Nginx – Zero downtime deployment (Tomcat), Nginx or HAProxy, behind hardware LB – how to “starve” old server

deploymentload balancingnginxtomcat

Currently we have the following setup.

  • Hardware Load Balancer (LB)
  • Box A running Tomcat on 8080 (TA)
  • Box B running Tomcat on 8080 (TB)

TA and TB are running behind LB.

For now it's pretty complicated and manual job to take Box A or Box B out of LB to do the zero downtime deployment.

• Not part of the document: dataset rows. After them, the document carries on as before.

(* Let $a,b,m\in\mathbb N_0$ with $a+b\ge1$, let $\mathcal R(m,a,b)$ be the number of red balls in an $(a,b)$-Pólya urn after $m$ balls have been added, and let $\mu(m,a,b)=a\big(1+m/(a+b)\big)$. Then for every $t>0$, \[\mathbb P\big(|\mathcal R(m,a,b)-\mu(m,a,b)|\ge t\,\mu(m,a,b)\big)\le 2\exp\Big(-\frac{t^2a^2}{8(a+b)}\Big).\]
   Context: An $(a,b)$-Pólya urn starts with $a$ red and $b$ blue balls; at each step a ball is drawn uniformly at random and returned together with one additional ball of the same colour. *)

theory Defs
  imports "HOL-Probability.Probability"
begin

text \<open>At step m+1 the urn contains a+b+m balls, r of them red; a red
  ball is drawn with probability r/(a+b+m) and then one red ball is added.\<close>
fun polya_red :: "nat \<Rightarrow> nat \<Rightarrow> nat \<Rightarrow> nat pmf" where
  "polya_red 0 a b = return_pmf a"
| "polya_red (Suc m) a b =
     bind_pmf (polya_red m a b)
       (\<lambda>r. map_pmf (\<lambda>c. if c then r + 1 else r)
              (bernoulli_pmf (real r / real (a + b + m))))"

definition polya_mu :: "nat \<Rightarrow> nat \<Rightarrow> nat \<Rightarrow> real" where
  "polya_mu m a b = real a * (1 + real m / real (a + b))"

end

theory Submission
  imports Defs
begin

text \<open>The proportion of red balls \<open>R\<^sub>m / (a + b + m)\<close> is a martingale whose
  step from time \<open>m\<close> to \<open>m + 1\<close> ranges over an interval of length \<open>1 / (a + b + m + 1)\<close>.
  Hoeffding's lemma for a Bernoulli variable therefore bounds its centred moment generating
  function by \<open>exp (\<lambda>\<^sup>2/8 \<cdot> \<Sum>\<^sub>k 1/(a + b + k + 1)\<^sup>2)\<close>, and the sum telescopes to
  at most \<open>1/(a + b)\<close>. Chernoff bounds on both sides with \<open>\<lambda> = 4s(a + b)\<close> give
  \<open>P(|R\<^sub>m / (a + b + m) - a / (a + b)| \<ge> s) \<le> 2 exp (-2 s\<^sup>2 (a + b))\<close>, and the event of the
  theorem is this one for \<open>s = t a / (a + b)\<close>.\<close>

lemma polya_red_support: "set_pmf (polya_red m a b) \<subseteq> {..a + m}"
  by (induction m) (fastforce simp: set_bind_pmf)+

lemma bernoulli_centered_mgf_le:
  fixes p h :: real
  assumes "0 \<le> p" "p \<le> 1"
  shows "p * exp ((1 - p) * h) + (1 - p) * exp (- p * h) \<le> exp (h\<^sup>2 / 8)"
proof -
  have nonneg: "p * exp ((1 - p) * h) + (1 - p) * exp (- p * h) \<le> exp (h\<^sup>2 / 8)"
    if "0 \<le> p" "p \<le> 1" "h \<ge> 0" for p h :: real
  proof -
    have pos: "1 + p * (exp h - 1) > 0"
      using that by (simp add: add_pos_nonneg)
    have "p * exp ((1 - p) * h) + (1 - p) * exp (- p * h) = exp (- h * p) * (1 + p * (exp h - 1))"
      by (simp add: algebra_simps flip: exp_add)
    also have "\<dots> = exp (- h * p + ln (1 + p * (exp h - 1)))"
      using pos by (simp only: exp_add exp_ln)
    also have "\<dots> \<le> exp (h\<^sup>2 / 8)"
      using Hoeffdings_lemma_aux[of h p] that by simp
    finally show ?thesis .
  qed
  show ?thesis
  proof (cases "h \<ge> 0")
    case True
    then show ?thesis using nonneg assms by blast
  next
    case False
    have "(1 - p) * exp ((1 - (1 - p)) * (- h)) + (1 - (1 - p)) * exp (- (1 - p) * (- h))
          \<le> exp ((- h)\<^sup>2 / 8)"
      using False assms by (intro nonneg) auto
    then show ?thesis by (simp add: algebra_simps)
  qed
qed

lemma polya_step_mgf_le:
  fixes N c l :: real and r :: nat
  assumes N: "N > 0" and r: "real r \<le> N"
  shows "measure_pmf.expectation
           (map_pmf (\<lambda>x. if x then r + 1 else r) (bernoulli_pmf (real r / N)))
           (\<lambda>r'. exp (l * (real r' / (N + 1) - c)))
         \<le> exp (l * (real r / N - c)) * exp ((l / (N + 1))\<^sup>2 / 8)"
proof -
  define p where "p = real r / N"
  define h where "h = l / (N + 1)"
  have p: "0 \<le> p" "p \<le> 1"
    using N r by (auto simp: p_def)
  have up: "l * ((real r + 1) / (N + 1) - c) = l * (real r / N - c) + (1 - p) * h"
    and stay: "l * (real r / (N + 1) - c) = l * (real r / N - c) + - p * h"
    using N by (simp_all add: p_def h_def divide_simps) (simp_all add: algebra_simps)
  have "measure_pmf.expectation
           (map_pmf (\<lambda>x. if x then r + 1 else r) (bernoulli_pmf p))
           (\<lambda>r'. exp (l * (real r' / (N + 1) - c)))
        = p * exp (l * ((real r + 1) / (N + 1) - c)) + (1 - p) * exp (l * (real r / (N + 1) - c))"
    using p by (simp add: add.commute)
  also have "\<dots> = exp (l * (real r / N - c)) * (p * exp ((1 - p) * h) + (1 - p) * exp (- p * h))"
    unfolding up stay exp_add by (simp add: algebra_simps)
  also have "\<dots> \<le> exp (l * (real r / N - c)) * exp (h\<^sup>2 / 8)"
    using bernoulli_centered_mgf_le[OF p] by simp
  finally show ?thesis
    by (simp add: p_def h_def)
qed

lemma inverse_square_le_diff_inverse:
  fixes x :: real
  assumes "x > 0"
  shows "1 / (x + 1)\<^sup>2 \<le> 1 / x - 1 / (x + 1)"
proof -
  have "1 / x - 1 / (x + 1) = 1 / (x * (x + 1))"
    using assms by (simp add: field_simps)
  then show ?thesis
    using assms by (simp add: power2_eq_square frac_le)
qed

lemma polya_proportion_mgf_le:
  assumes "a + b \<ge> 1"
  shows "measure_pmf.expectation (polya_red m a b)
           (\<lambda>r. exp (l * (real r / real (a + b + m) - real a / real (a + b))))
         \<le> exp (l\<^sup>2 / 8 * (1 / real (a + b) - 1 / real (a + b + m)))"
proof (induction m)
  case 0
  then show ?case by simp
next
  case (Suc m)
  define n where "n = real (a + b)"
  define N where "N = real (a + b + m)"
  define c where "c = real a / real (a + b)"
  define C where "C = exp ((l / (N + 1))\<^sup>2 / 8)"
  define g where "g = (\<lambda>r::nat. exp (l * (real r / N - c)))"
  define step where "step = (\<lambda>r::nat. map_pmf (\<lambda>x. if x then r + 1 else r)
                                       (bernoulli_pmf (real r / N)))"
  have N: "N > 0" and n: "n > 0"
    using assms by (simp_all add: N_def n_def)
  have support: "set_pmf (polya_red m a b) \<subseteq> {..a + m}"
    by (rule polya_red_support)
  have "measure_pmf.expectation (polya_red (Suc m) a b)
          (\<lambda>r. exp (l * (real r / real (a + b + Suc m) - real a / real (a + b))))
        = (\<Sum>r\<in>{..a + m}. pmf (polya_red m a b) r *\<^sub>R
             measure_pmf.expectation (step r) (\<lambda>r'. exp (l * (real r' / (N + 1) - c))))"
    unfolding step_def N_def c_def
    by (simp add: add.commute[of 1] pmf_expectation_bind[OF _ _ support])
  also have "\<dots> \<le> (\<Sum>r\<in>{..a + m}. pmf (polya_red m a b) r * (g r * C))"
  proof (intro sum_mono)
    fix r assume "r \<in> {..a + m}"
    then have "real r \<le> N"
      by (simp add: N_def)
    then show "pmf (polya_red m a b) r *\<^sub>R
                 measure_pmf.expectation (step r) (\<lambda>r'. exp (l * (real r' / (N + 1) - c)))
               \<le> pmf (polya_red m a b) r * (g r * C)"
      unfolding step_def g_def C_def real_scaleR_def
      by (intro mult_left_mono polya_step_mgf_le[OF N] pmf_nonneg)
  qed
  also have "\<dots> = measure_pmf.expectation (polya_red m a b) g * C"
    using support by (subst integral_measure_pmf_real[of "{..a + m}"])
      (auto simp: sum_distrib_left mult_ac)
  also have "\<dots> \<le> exp (l\<^sup>2 / 8 * (1 / n - 1 / N)) * C"
    using Suc unfolding g_def n_def N_def c_def C_def by (rule mult_right_mono) simp
  also have "\<dots> = exp (l\<^sup>2 / 8 * (1 / n - (1 / N - 1 / (N + 1)\<^sup>2)))"
    using N n by (simp add: C_def power_divide field_simps flip: exp_add)
  also have "\<dots> \<le> exp (l\<^sup>2 / 8 * (1 / n - 1 / (N + 1)))"
    using inverse_square_le_diff_inverse[OF N] by (simp add: mult_left_mono)
  finally show ?case
    by (simp add: n_def N_def add.commute[of 1])
qed

lemma polya_proportion_one_sided_tail:
  assumes "a + b \<ge> 1" and s: "s > 0" and e: "\<bar>e\<bar> = 1"
  shows "measure_pmf.prob (polya_red m a b)
           {r. s \<le> e * (real r / real (a + b + m) - real a / real (a + b))}
         \<le> exp (- 2 * s\<^sup>2 * real (a + b))"
proof -
  define n where "n = real (a + b)"
  define N where "N = real (a + b + m)"
  define X where "X = (\<lambda>r::nat. real r / N - real a / n)"
  define l where "l = 4 * s * n"
  have n: "n > 0" and N: "n \<le> N"
    using assms by (simp_all add: n_def N_def)
  have l: "l > 0"
    using s n by (simp add: l_def)
  have "finite (set_pmf (polya_red m a b))"
    using polya_red_support by (rule finite_subset) simp
  then have integrable: "set_integrable (polya_red m a b) UNIV (\<lambda>r. exp (l * (e * X r)))"
    unfolding set_integrable_def by (rule integrable_measure_pmf_finite)
  have "(l * e)\<^sup>2 = l\<^sup>2"
    using e by (simp add: power_mult_distrib abs_if split: if_splits)
  moreover have "l\<^sup>2 / 8 * (1 / n - 1 / N) \<le> l\<^sup>2 / (8 * n)"
    using n N by (simp add: right_diff_distrib)
  ultimately have "exp ((l * e)\<^sup>2 / 8 * (1 / n - 1 / N)) \<le> exp (l\<^sup>2 / (8 * n))"
    by simp
  with polya_proportion_mgf_le[OF assms(1), of m "l * e"]
  have mgf: "measure_pmf.expectation (polya_red m a b) (\<lambda>r. exp ((l * e) * X r))
               \<le> exp (l\<^sup>2 / (8 * n))"
    unfolding X_def n_def N_def by linarith
  have "measure_pmf.prob (polya_red m a b) {r. s \<le> e * X r}
        \<le> exp (- l * s) * (\<integral>r\<in>UNIV. exp (l * (e * X r)) \<partial>polya_red m a b)"
    using measure_pmf.Chernoff_ineq_ge[OF l integrable, of s] by simp
  also have "\<dots> = exp (- l * s) * measure_pmf.expectation (polya_red m a b) (\<lambda>r. exp ((l * e) * X r))"
    unfolding set_lebesgue_integral_def by (simp add: mult.assoc)
  also have "\<dots> \<le> exp (- l * s) * exp (l\<^sup>2 / (8 * n))"
    using mgf by simp
  also have "\<dots> = exp (- 2 * s\<^sup>2 * n)"
    unfolding exp_add[symmetric] using n by (simp add: l_def power2_eq_square field_simps)
  finally show ?thesis
    by (simp add: X_def n_def N_def)
qed

lemma polya_proportion_tail:
  assumes "a + b \<ge> 1" and "s \<ge> 0"
  shows "measure_pmf.prob (polya_red m a b)
           {r. s \<le> \<bar>real r / real (a + b + m) - real a / real (a + b)\<bar>}
         \<le> 2 * exp (- 2 * s\<^sup>2 * real (a + b))"
proof (cases "s = 0")
  case True
  have "measure_pmf.prob (polya_red m a b) A \<le> 1" for A
    by simp
  with True show ?thesis
    by simp
next
  case False
  with assms have s: "s > 0" by simp
  define X where "X = (\<lambda>r::nat. real r / real (a + b + m) - real a / real (a + b))"
  have "measure_pmf.prob (polya_red m a b) {r. s \<le> \<bar>X r\<bar>}
        \<le> measure_pmf.prob (polya_red m a b) ({r. s \<le> 1 * X r} \<union> {r. s \<le> - 1 * X r})"
    by (rule measure_pmf.finite_measure_mono) auto
  also have "\<dots> \<le> measure_pmf.prob (polya_red m a b) {r. s \<le> 1 * X r}
                 + measure_pmf.prob (polya_red m a b) {r. s \<le> - 1 * X r}"
    by (rule measure_Un_le) simp_all
  also have "\<dots> \<le> exp (- 2 * s\<^sup>2 * real (a + b)) + exp (- 2 * s\<^sup>2 * real (a + b))"
    unfolding X_def
    by (intro add_mono polya_proportion_one_sided_tail[OF assms(1) s]) simp_all
  finally show ?thesis
    by (simp add: X_def)
qed

theorem lemma4p8:
  fixes a b m :: nat and t :: real
  assumes "a + b \<ge> 1" and "t > 0"
  shows "measure_pmf.prob (polya_red m a b)
           {r. \<bar>real r - polya_mu m a b\<bar> \<ge> t * polya_mu m a b}
         \<le> 2 * exp (- (t\<^sup>2 * (real a)\<^sup>2 / (8 * real (a + b))))"
proof -
  define n where "n = real (a + b)"
  define N where "N = real (a + b + m)"
  define c where "c = real a / n"
  have n: "n > 0" and N: "N > 0"
    using assms(1) by (simp_all add: n_def N_def)
  have "polya_mu m a b = N * c"
    using n by (simp add: polya_mu_def N_def c_def n_def field_simps)
  moreover have "\<bar>real r - N * c\<bar> = N * \<bar>real r / N - c\<bar>" for r
  proof -
    have "real r - N * c = N * (real r / N - c)"
      using N by (simp add: field_simps)
    then show ?thesis
      using N by (simp add: abs_mult)
  qed
  ultimately have event: "{r. \<bar>real r - polya_mu m a b\<bar> \<ge> t * polya_mu m a b}
                          = {r. t * c \<le> \<bar>real r / N - c\<bar>}"
    using N by (simp add: mult.left_commute[of t])
  have "measure_pmf.prob (polya_red m a b) {r. t * c \<le> \<bar>real r / N - c\<bar>}
        \<le> 2 * exp (- 2 * (t * c)\<^sup>2 * n)"
    unfolding N_def c_def n_def using assms
    by (intro polya_proportion_tail) simp_all
  also have "\<dots> \<le> 2 * exp (- (t\<^sup>2 * (real a)\<^sup>2 / (8 * n)))"
  proof -
    have "2 * (t * c)\<^sup>2 * n = 16 * (t\<^sup>2 * (real a)\<^sup>2 / (8 * n))"
      using n by (simp add: c_def power2_eq_square field_simps)
    moreover have "t\<^sup>2 * (real a)\<^sup>2 / (8 * n) \<ge> 0"
      using n by simp
    ultimately show ?thesis
      by simp
  qed
  finally show ?thesis
    by (simp add: event n_def)
qed

end
(* Let $(V,E,c,p)$ be a PCSTP instance with $s:=|T_p|\ge 2$, let $H$ be a terminal-regions decomposition, and enumerate $T_p=\{t_1,\dots,t_s\}$ so that $r^{pc}_H(t_1)\le r^{pc}_H(t_2)\le\dots\le r^{pc}_H(t_s)$. Let $v_i\in V\setminus T_p$. If there is an optimal solution $S$ with $v_i\in V(S)$, then $$C(S)\ \ge\ \underline{d}(v_i,\bar v_{i,1})+\underline{d}(v_i,\bar v_{i,2})+\sum_{k=1}^{s-2} r^{pc}_H(t_k).$$
   Context: A PCSTP instance $(V,E,c,p)$: finite undirected connected graph $G=(V,E)$, $c:E\to\mathbb{Q}_{>0}$, $p:V\to\mathbb{Q}_{\ge0}$. For a tree $S\subseteq G$ (connected acyclic subgraph with at least one vertex), $C(S):=\sum_{e\in E(S)}c(e)+\sum_{v\in V\setminus V(S)}p(v)$; an optimal solution is a tree minimizing $C$. $T_p:=\{v\in V:p(v)>0\}$. $d(u,w)$ is the shortest-path distance between $u,w$ in $G$ w.r.t. $c$. $\underline{d}(u,w)$ is the shortest-path distance between $u$ and $w$ in the subgraph of $G$ induced by $V\setminus(T_p\setminus\{u,w\})$ ($+\infty$ if none). For $v_i\in V\setminus T_p$, $\bar v_{i,1},\bar v_{i,2},\dots$ denote the potential terminals ordered by nondecreasing $\underline{d}(v_i,\cdot)$ (ties broken arbitrarily). A terminal-regions decomposition is a partition $H=\{H_t: t\in T_p\}$ of $V$ with $H_t\cap T_p=\{t\}$ and the subgraph induced by each $H_t$ connected. For $t\in T_p$, $r^{pc}_H(t):=\min\{p(t),\ \min\{d(t,v): v\notin H_t\}\}$. *)

theory Defs
  imports "HOL-Analysis.Analysis" "HOL-Library.Extended_Real"
begin

definition graph :: "'a set \<Rightarrow> 'a set set \<Rightarrow> bool" where
  "graph V E \<longleftrightarrow> finite V \<and> (\<forall>e\<in>E. \<exists>x y. x \<noteq> y \<and> e = {x, y} \<and> x \<in> V \<and> y \<in> V)"

definition walk_in :: "'a set \<Rightarrow> 'a set set \<Rightarrow> 'a list \<Rightarrow> bool" where
  "walk_in W F xs \<longleftrightarrow> xs \<noteq> [] \<and> set xs \<subseteq> W \<and>
     (\<forall>i < length xs - 1. {xs ! i, xs ! Suc i} \<in> F)"

definition walk_cost :: "('a set \<Rightarrow> real) \<Rightarrow> 'a list \<Rightarrow> real" where
  "walk_cost c xs = (\<Sum>i < length xs - 1. c {xs ! i, xs ! Suc i})"

text \<open>Shortest-path distance between u and w in the subgraph of (V,E) induced by
  W \<inter> V; +\<infinity> if there is no such path.\<close>
definition dist_in :: "'a set \<Rightarrow> 'a set set \<Rightarrow> ('a set \<Rightarrow> real) \<Rightarrow> 'a set \<Rightarrow> 'a \<Rightarrow> 'a \<Rightarrow> ereal" where
  "dist_in V E c W u w =
     (INF xs \<in> {xs. walk_in (W \<inter> V) E xs \<and> hd xs = u \<and> last xs = w}. ereal (walk_cost c xs))"

definition connected_graph :: "'a set \<Rightarrow> 'a set set \<Rightarrow> bool" where
  "connected_graph V E \<longleftrightarrow> (\<forall>x\<in>V. \<forall>y\<in>V. \<exists>xs. walk_in V E xs \<and> hd xs = x \<and> last xs = y)"

definition has_cycle :: "'a set set \<Rightarrow> bool" where
  "has_cycle F \<longleftrightarrow> (\<exists>xs. length xs \<ge> 3 \<and> distinct xs \<and>
       (\<forall>i < length xs - 1. {xs ! i, xs ! Suc i} \<in> F) \<and> {last xs, hd xs} \<in> F)"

I am thinking to do something like this:

  • Hardware Load Balancer (LB)
  • Box A running Nginx on 8080 (NA)
  • Box A running Tomcat on 8081 (TA1)
  • Box A running Tomcat on 8082 (TA2)
  • Box B running Nginx on 8080 (NB)
  • Box B running Tomcat on 8081 (TB1)
  • Box B running Tomcat on 8082 (TB2)

Basically LB will be directing traffic between NA and NB now.
On each of Nginx's we'll have TA1, TA2 and TB1, TB2 configured as upstream servers.
Once one of the upstreams's healthcheck page is unresponsive (shutdown) the traffic goes to another one (HttpHealthcheckModule module on Nginx).

So the deploy process is simple.

Say, TA1 is active with version 0.1 of the app. Healthcheck on TA1 is OK.
We start TA2 with Healthcheck on it as ERROR. So Nginx is not talking to it.
We deploy app version 0.2 to TA2. Make sure it works. Now, we switch the Healthcheck on TA2 to OK, switch Healthcheck to TA1 to ERROR. Nginx will start serving TA2, and will remove TA1 out of rotation. Done!
And now same with the other box.

While it sounds all cool and nice, how do we "starve" the Nginx?
Say we have pending connections, some users on TA1. If we just turn it off, sessions will break (we have cookie-based sessions). Not good.
Any way to starve traffic to one of the upstream servers with Nginx?


Best Answer

My opinion is if you're willing to put in such a complicated setup just to get zero-downtime, you should instead be investing your time in getting a better load balancer. By going down the path you suggest, you are trading simplicity for marginal cost savings, which always ends up costing you more than you anticipate.

You're going to need downtime to implement this zero-downtime solution you propose. Take that downtime to instead figure out how to use your existing load balancer, or swap it out for something better.